Materials provided

lemma pairing_add: "pairing \<kappa> (b + c) = pairing \<kappa> b + pairing \<kappa> c"
  by (simp add: pairing_def algebra_simps sum.distrib)

lemma pairing_axis: "pairing \<kappa> (axis m 1) = \<kappa> m"
  by (simp add: pairing_def axis_def if_distrib cong: if_cong)

lemma pairing_delta: "pairing (\<lambda>j. if j = i then 1 else 0) c = of_int (c $ i)"
proof -
  have "pairing (\<lambda>j. if j = i then 1 else 0) c = (\<Sum>j\<in>UNIV. if j = i then of_int (c $ j) else 0)"
    unfolding pairing_def by (rule sum.cong) auto
  then show ?thesis by simp
qed

lemma H_eq_const_field: "H i = vector_field (\<lambda>j. lconst (if j = i then 1 else 0))"
proof
  fix f
  have "vector_field (\<lambda>j. lconst (if j = i then 1 else 0)) f = (\<Sum>j\<in>UNIV. if j = i then H j f else 0)"
    unfolding vector_field_def by (rule sum.cong) auto
  then show "H i f = vector_field (\<lambda>j. lconst (if j = i then 1 else 0)) f" by simp
qed

lemma H_in_Der: "H i \<in> Der"
  unfolding H_eq_const_field by (rule vector_field_in_Der)

lemma lcoeff_const_field:
  "lcoeff (vector_field (\<lambda>j. lconst (\<kappa> j)) f) c = pairing \<kappa> c * lcoeff f c"
  unfolding vector_field_def lookup_sum lcoeff_lconst_mult lcoeff_H pairing_def sum_distrib_right
  by (simp add: mult_ac)

lemma const_field_single:
  "vector_field (\<lambda>j. lconst (\<kappa> j)) (lmonom c w) = lconst (pairing \<kappa> c) * lmonom c w"
  by (rule poly_mapping_eqI) (simp add: lcoeff_const_field lcoeff_lconst_mult lookup_single when_def)

lemma lie_bracket_const_field:
  "lie_bracket (vector_field (\<lambda>j. lconst (\<kappa> j))) (vector_field y) =
     vector_field (\<lambda>m. vector_field (\<lambda>j. lconst (\<kappa> j)) (y m))"
  by (simp add: lie_bracket_vector_field Der_lconst[OF vector_field_in_Der])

Instructions for the task
Every piece of the data must be set down exactly. Omit nothing.

Result below
lemma pairing_add: "pairing \<kappa> (b + c) = pairing \<kappa> b + pairing \<kappa> c"
  by (simp add: pairing_def algebra_simps sum.distrib)

lemma pairing_axis: "pairing \<kappa> (axis m 1) = \<kappa> m"
  by (simp add: pairing_def axis_def if_distrib cong: if_cong)

lemma pairing_delta: "pairing (\<lambda>j. if j = i then 1 else 0) c = of_int (c $ i)"
proof -
  have "pairing (\<lambda>j. if j = i then 1 else 0) c = (\<Sum>j\<in>UNIV. if j = i then of_int (c $ j) else 0)"
    unfolding pairing_def by (rule sum.cong) auto
  then show ?thesis by simp
qed

lemma H_eq_const_field: "H i = vector_field (\<lambda>j. lconst (if j = i then 1 else 0))"
proof
  fix f
  have "vector_field (\<lambda>j. lconst (if j = i then 1 else 0)) f = (\<Sum>j\<in>UNIV. if j = i then H j f else 0)"
    unfolding vector_field_def by (rule sum.cong) auto
  then show "H i f = vector_field (\<lambda>j. lconst (if j = i then 1 else 0)) f" by simp
qed

lemma H_in_Der: "H i \<in> Der"
  unfolding H_eq_const_field by (rule vector_field_in_Der)

lemma lcoeff_const_field:
  "lcoeff (vector_field (\<lambda>j. lconst (\<kappa> j)) f) c = pairing \<kappa> c * lcoeff f c"
  unfolding vector_field_def lookup_sum lcoeff_lconst_mult lcoeff_H pairing_def sum_distrib_right
  by (simp add: mult_ac)

lemma const_field_single:
  "vector_field (\<lambda>j. lconst (\<kappa> j)) (lmonom c w) = lconst (pairing \<kappa> c) * lmonom c w"
  by (rule poly_mapping_eqI) (simp add: lcoeff_const_field lcoeff_lconst_mult lookup_single when_def)

lemma lie_bracket_const_field:
  "lie_bracket (vector_field (\<lambda>j. lconst (\<kappa> j))) (vector_field y) =
     vector_field (\<lambda>m. vector_field (\<lambda>j. lconst (\<kappa> j)) (y m))"
  by (simp add: lie_bracket_vector_field Der_lconst[OF vector_field_in_Der])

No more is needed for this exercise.